Rooke & Torbert, Organization Development Journal, 16 (1), 1998

„… the ego development stage of the CEO and of his or her most trusted advisors is a critical variable influencing the likelihood of successful progressive organizational transformation.”

Bauer & McAdams, Developmental Psychology, 46 (4), 2010

„Higher levels of ED [ego development] involve greater capacities for perspective taking, less defensiveness, and other qualities of psychosocial maturity …

ED levels appear to remain relatively stable throughout much of adulthood (Cohn, 1998). So it seems that emerging adulthood (Arnett, 2000) serves as the last period in which substantial gains in ED are expectable — that after this point, society leaves individuals more or less on their own to cultivate more complex, integrative understandings of their psychosocial lives.”

Rooke & Torbert, Harvard Business Review, 4, 2005

„The leader´s voyage is not an easy one. Some people change little in their lifetimes; some change subbstantially. Despite the undeniably crucial role of genetics, human nature is not fixed.
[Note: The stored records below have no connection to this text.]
lemma eta_DirProd_ge_p_group_left:
  assumes "Factorial_Ring.prime p" "order H = p ^ n" "order H > 1"
  shows "eta H * eta K + eta_p p K \<le> eta (H \<times>\<times> K)"
proof -
  let ?E = "{{{\<one>\<^bsub>H\<^esub>}}} \<times> conj_class K ` {B \<in> max_cyclic_subgroups K. p dvd card B}"
  have sub: "factor_class_pairs \<union> ?E \<subseteq> proj_classes"
    using factor_class_pairs_subset_proj_classes one_Times_subset_proj_classes[OF assms(1,2)] by blast
  have "finite (factor_class_pairs \<union> ?E)" using finite_subset[OF sub finite_proj_classes] .
  then have fin: "finite factor_class_pairs" "finite ?E" by simp_all
  have disj: "factor_class_pairs \<inter> ?E = {}"
    using H.one_conj_class_notin_conj_classes[OF finite_H assms(3)] by blast
  have "card (factor_class_pairs \<union> ?E) = card factor_class_pairs + card ?E"
    by (rule card_Un_disjoint[OF fin disj])
  also have "\<dots> = eta H * eta K + eta_p p K"
    by (simp only: card_factor_class_pairs)
      (simp add: card_cartesian_product K.eta_p_eq_card_conj_classes[OF finite_K])
  finally have "card (factor_class_pairs \<union> ?E) = eta H * eta K + eta_p p K" .
  then show ?thesis using card_le_eta_if_subset_proj_classes[OF sub] by simp
qed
Those who are willing to work at developing themselves and becoming more self-aware can almost certainly evolve over time into truly transformational leaders …

Corporations that help their executives and leadership teams examine their action logics can reap rich rewards.”

Heaton, Graff & Alexander, Journal of Managerial Psychology, 11 (4), 1996

„Actualizing higher development has positive implications for the performance of the individual and the organization. Therefore procedures which systematically cultivate human maturation can unfold performance potential.”